I morti è il racconto più famoso della raccolta Gente di Dublino scritta da James Joyce.
Si tratta del racconto più lungo dell'intera opera, che la conclude e allo stesso tempo la riassume, riproponendo tra le sue righe tutti i temi già presentati dall'autore. Il titolo e il costante riferimento alla morte e ai morti non è casuale. La raccolta Gente di Dublino è fatta di racconti che possono essere divisi in quattro gruppi: infanzia, adolescenza, maturità e vita pubblica. I morti potrebbe far tranquillamente parte del quarto gruppo, ma in realtà è un epilogo, l'atto conclusivo dell'esistenza umana.
Come in tutti i racconti della raccolta, I morti ha come tema centrale la paralisi culturale e umana. Joyce ci descrive la grande festa tenuta a casa delle zie del protagonista, Gabriel Conroy, in una notte d'inverno. A questa festa sono presenti diverse generazioni, si va infatti dalle anziane zie alle giovani allieve, diverse appartenenze religiose e diverse idee politiche. Nonostante la grande diversità ideologica degli invitati, non si arriva mai né a un vero confronto, né a uno scontro, le discussioni politiche e religiose vengono infatti troncate non appena iniziano a generare attriti, per il resto si canta e si balla. Gabriel è il centro della festa, addirittura tiene il discorso di ringraziamento a tavola prima della cena, la lascia quindi soddisfatto di sé, sentendosi una persona realizzata e felice. Nel tragitto verso la camera d'albergo, ripensa ai momenti belli della sua storia d'amore con la moglie, con cui conta di fare l'amore non appena arrivato. In camera però accade l'imprevisto. Gretta, sua moglie, piange al ricordo di un suo vecchio spasimante, il giovanissimo Michael Furey, che per lei si ammalò e morì. Questa rivelazione rivela a Gabriel di essere solo un'ombra nella vita della moglie, non il vero amore, e di colpo realizza quanto sia vuota la sua intera esistenza. Da questa nuova consapevolezza nasce la riflessione finale del protagonista, che si rende conto di come tutte le persone che ha visto alla festa, che sembravano così felici o così realizzate, stiano in realtà percorrendo un inesorabile viaggio "verso occidente", cioè verso la morte.

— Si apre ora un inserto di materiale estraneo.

lemma abs_dg0_le: "i < d \<Longrightarrow> \<bar>dg0 i x\<bar> \<le> 3 * inv_nsq x"
  using xc_sq_inv_nsq_sq_le[of i x] inv_nsq_nonneg[of x] zero_le_power2[of "xc i x * inv_nsq x"]
  unfolding dg0_def abs_le_iff power_mult_distrib by linarith

lemma abs_yc_xc_inv_nsq_le:
  assumes i: "i < d" and a: "a > 0"
  shows "\<bar>yc i x * (xc i x * inv_nsq x)\<bar> \<le> (a * (yc i x)\<^sup>2 + inv_nsq x / a) / 2"
proof -
  have "\<bar>yc i x * (xc i x * inv_nsq x)\<bar> \<le> (a * (yc i x)\<^sup>2 + (xc i x * inv_nsq x)\<^sup>2 / a) / 2"
    by (rule abs_mult_le_weighted_squares[OF a])
  also have "\<dots> \<le> (a * (yc i x)\<^sup>2 + inv_nsq x / a) / 2"
    using xc_sq_inv_nsq_sq_le[OF i, of x] a
    by (intro divide_right_mono add_left_mono) (auto simp: power_mult_distrib)
  finally show ?thesis .
qed

lemma abs_tc_dg0_le:
  assumes i: "i < d" and a: "a > 0"
  shows "\<bar>tc i x * dg0 i x\<bar> \<le> 3 * ((a * (tc i x)\<^sup>2 + (inv_nsq x)\<^sup>2 / a) / 2)"
proof -
  have "\<bar>tc i x * dg0 i x\<bar> \<le> 3 * \<bar>tc i x * inv_nsq x\<bar>"
    using mult_left_mono[OF abs_dg0_le[OF i, of x], of "\<bar>tc i x\<bar>"] inv_nsq_nonneg[of x]
    by (simp add: abs_mult)
  also have "\<dots> \<le> 3 * ((a * (tc i x)\<^sup>2 + (inv_nsq x)\<^sup>2 / a) / 2)"
    by (rule mult_left_mono[OF abs_mult_le_weighted_squares[OF a]]) simp
  finally show ?thesis .
qed

lemma integrable_yc_xc_inv_nsq: "i < d \<Longrightarrow> integrable \<Omega> (\<lambda>x. yc i x * (xc i x * inv_nsq x))"
  by (rule Bochner_Integration.integrable_bound[of _ "\<lambda>x. ((yc i x)\<^sup>2 + inv_nsq x) / 2"])
     (use abs_yc_xc_inv_nsq_le[of _ 1] inv_nsq_nonneg integrable_yc_sq integrable_inv_nsq in
       \<open>auto intro!: AE_I2\<close>)

lemma integrable_tc_dg0: "i < d \<Longrightarrow> integrable \<Omega> (\<lambda>x. tc i x * dg0 i x)"
  by (rule Bochner_Integration.integrable_bound[of _ "\<lambda>x. 3 * (((tc i x)\<^sup>2 + (inv_nsq x)\<^sup>2) / 2)"])
     (use abs_tc_dg0_le[of _ 1] integrable_tc_sq integrable_inv_nsq_sq in \<open>auto intro!: AE_I2\<close>)

lemma
  assumes i: "i < d" and R: "nsq_off i x > 0"
  shows yc_xc_inv_nsq_fun_upd: "yc i (x(i:=w)) * (xc i (x(i:=w)) * inv_nsq (x(i:=w)))
      = Y w i * g0_slice (\<theta> i) (nsq_off i x) (Y w i)"
    and tc_dg0_fun_upd: "tc i (x(i:=w)) * dg0 i (x(i:=w))
      = T i w * g0_slice_deriv (\<theta> i) (nsq_off i x) (Y w i)"
proof -
  show "yc i (x(i:=w)) * (xc i (x(i:=w)) * inv_nsq (x(i:=w)))
      = Y w i * g0_slice (\<theta> i) (nsq_off i x) (Y w i)"
    by (simp add: coordinate_fun_upd[OF i] inv_nsq_def g0_slice_def)
  define v where "v = Y w i + \<theta> i"
  have combine: "1 / q - 2 * a * (1 / q)\<^sup>2 = (q - 2 * a) / q\<^sup>2" if "q \<noteq> 0" for q a :: real
    using that by (simp add: field_simps power2_eq_square)
  have "v\<^sup>2 + nsq_off i x \<noteq> 0" using R by (metis add_nonneg_pos less_irrefl zero_le_power2)
  from combine[OF this, of "v\<^sup>2"]
  have "1 / (v\<^sup>2 + nsq_off i x) - 2 * v\<^sup>2 * (1 / (v\<^sup>2 + nsq_off i x))\<^sup>2
      = (nsq_off i x - v\<^sup>2) / (v\<^sup>2 + nsq_off i x)\<^sup>2" by simp
  thus "tc i (x(i:=w)) * dg0 i (x(i:=w)) = T i w * g0_slice_deriv (\<theta> i) (nsq_off i x) (Y w i)"
    by (simp add: coordinate_fun_upd[OF i] dg0_def inv_nsq_def g0_slice_deriv_def v_def)
qed

lemma integral_stein_nondegen:
  assumes i: "i < d"
  shows "(\<integral>x. yc i x * (xc i x * inv_nsq x) * (1 - degen i x) \<partial>\<Omega>)
       = (\<integral>x. tc i x * dg0 i x * (1 - degen i x) \<partial>\<Omega>)"
proof -
  have i': "i \<in> {..<d}" using i by simp
  have inner: "(\<integral>w. yc i (x(i:=w)) * (xc i (x(i:=w)) * inv_nsq (x(i:=w))) * (1 - degen i (x(i:=w))) \<partial>M)
      = (\<integral>w. tc i (x(i:=w)) * dg0 i (x(i:=w)) * (1 - degen i (x(i:=w))) \<partial>M)" for x
  proof (cases "nsq_off i x = 0")
    case True
    thus ?thesis by (simp add: degen_def coordinate_fun_upd[OF i])
  next
    case False
    hence R: "nsq_off i x > 0" using nsq_off_nonneg[of i x] by linarith
    have "degen i (x(i:=w)) = 0" for w using False by (simp add: degen_def coordinate_fun_upd[OF i])
    thus ?thesis
      using stein_kernel_g0_slice[OF stein[OF i] Y_component_meas[OF i] _ integrable_T[OF i] R]
        mean_zero[OF i] by (simp add: yc_xc_inv_nsq_fun_upd[OF i R] tc_dg0_fun_upd[OF i R])
  qed
  have "integrable \<Omega> (\<lambda>x. yc i x * (xc i x * inv_nsq x) * (1 - degen i x))"
    "integrable \<Omega> (\<lambda>x. tc i x * dg0 i x * (1 - degen i x))"
    by (intro integrable_mult_bounded[OF integrable_yc_xc_inv_nsq[OF i]]
        integrable_mult_bounded[OF integrable_tc_dg0[OF i]] abs_one_minus_degen_le, measurable)+
  from this[THEN integral_PiM_split_coordinate[OF i']] show ?thesis
    unfolding inner by simp
qed

lemma sum_degen_le_one:
  assumes pos: "nsq x > 0"
  shows "(\<Sum>i<d. degen i x) \<le> 1"
proof -
  have "(\<Sum>i<d. degen i x) * nsq x = (\<Sum>i<d. degen i x * nsq x)"
    by (simp add: sum_distrib_right)
  also have "\<dots> = (\<Sum>i<d. degen i x * (xc i x)\<^sup>2)"
    by (rule sum.cong) (use nsq_eq_xc_sq_plus_nsq_off in \<open>auto simp: degen_def\<close>)
  also have "\<dots> \<le> (\<Sum>i<d. (xc i x)\<^sup>2)"
    by (intro sum_mono) (use degen_cases in \<open>auto simp: degen_def\<close>)
  also have "\<dots> = 1 * nsq x" unfolding nsq_def by simp
  finally show ?thesis using pos by (simp add: mult_le_cancel_right)
qed

lemma integrable_degen: "integrable \<Omega> (degen i)"
  by (rule Bochner_Integration.integrable_bound[of _ "\<lambda>_. 1::real"]) (auto simp: abs_degen_le)

lemma sum_integral_mult_degen_le:
  assumes f: "integrable \<Omega> f" "\<And>x. f x \<ge> 0"
  shows "(\<Sum>i<d. \<integral>x. f x * degen i x \<partial>\<Omega>) \<le> (\<integral>x. f x \<partial>\<Omega>)"
proof -
  have int: "integrable \<Omega> (\<lambda>x. f x * degen i x)" for i
    by (intro integrable_mult_bounded[OF f(1)] abs_degen_le) measurable
  hence "(\<Sum>i<d. \<integral>x. f x * degen i x \<partial>\<Omega>) = (\<integral>x. f x * (\<Sum>i<d. degen i x) \<partial>\<Omega>)"
    by (simp add: sum_distrib_left)
  also have "\<dots> \<le> (\<integral>x. f x \<partial>\<Omega>)"
  proof (rule integral_mono_AE)
    show "integrable \<Omega> (\<lambda>x. f x * (\<Sum>i<d. degen i x))"
      using int by (simp add: sum_distrib_left)
    show "AE x in \<Omega>. f x * (\<Sum>i<d. degen i x) \<le> f x"
      using AE_nsq_pos by (rule AE_mp) (auto intro!: AE_I2 mult_left_le sum_degen_le_one f(2))
  qed (rule f(1))
  finally show ?thesis .
qed

lemma sum_integral_degen_le_one: "(\<Sum>i<d. \<integral>x. degen i x \<partial>\<Omega>) \<le> 1"
  using sum_integral_mult_degen_le[of "\<lambda>_. 1"] by (simp add: \<Omega>.prob_space)

lemma integral_coordinate_mult_degen:
  assumes i: "i < d" and g: "g \<in> borel_measurable M" "integrable M (\<lambda>w. (g w)\<^sup>2)"
  shows "(\<integral>x. (g (x i))\<^sup>2 * degen i x \<partial>\<Omega>) = (\<integral>w. (g w)\<^sup>2 \<partial>M) * (\<integral>x. degen i x \<partial>\<Omega>)"
proof (rule integral_mult_coordinate_indep)
  have "integrable \<Omega> (\<lambda>x. (g (x i))\<^sup>2)"
    using integrable_coordinate[of i "\<lambda>w. (g w)\<^sup>2"] i g by simp
  thus "integrable \<Omega> (\<lambda>x. (g (x i))\<^sup>2 * degen i x)"
    by (intro integrable_mult_bounded abs_degen_le) measurable
qed (use i degen_fun_upd integrable_degen in auto)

Ne I morti, come ho già detto sopra, il tema centrale è la paralisi. In tutto il racconto nessuno fa niente, non ci sono conflitti e quelli sul punto di nascere vengono subito bloccati. Gabriel torna in albergo con brame amorose che vengono spente dalla rivelazione di Gretta. Tutto è immobile e vuoto, anche la felicità del protagonista e la sua solidità si rivelano di fatto apparenti, non è un personaggio centrale nemmeno nella vita della moglie.
Un ruolo fondamentale nelle opere di Joyce è quello dell'epifania, una rivelazione improvvisa che nasce in una persona a causa di un evento apparentemente banale e che in lei fa esplodere una nuova consapevolezza riguardo la propria esistenza. In questo racconto di epifanie ce ne sono due: la prima la vive Gretta, che vede riaffiorare nella sua mente il ricordo di Michael Furey a causa di una canzone sentita alla festa, e ricorda così colui che fu il suo vero amore; la seconda è di Gabriel, che capisce di essere solo un'ombra nell'esistenza della moglie quando questa gli racconta della storia mi Michael, arrivando poi a comprendere la vuotezza della propria e delle altrui esistenze.
In questo racconto si mescolano di continuo il mondo dei vivi e quello dei morti. Gabriel ha come antagonista principale Michael, che è morto molti anni prima, e a causa di questo vede sgretolarsi il suo mondo di false certezze.
La scena finale del racconto parla della neve che cade indifferentemente sui vivi e sui morti. Molti in questa immagine hanno visto una sorta di redenzione, una via di fuga dalla paralisi in cui l'essere umano è invischiato. A me dà invece un'idea di inesorabilità, essa infatti cade incessantemente, senza curarsi della condizione di chi sta coprendo sotto la propria coltre. Inoltre Gabriel percepisce questa neve mentre "sprofonda" nel suo letto, cioè mentre si sta seppellendo nella propria mediocre normalità dopo averne preso consapevolezza. Più che una speranza, in queste immagini io vedo molta rassegnazione.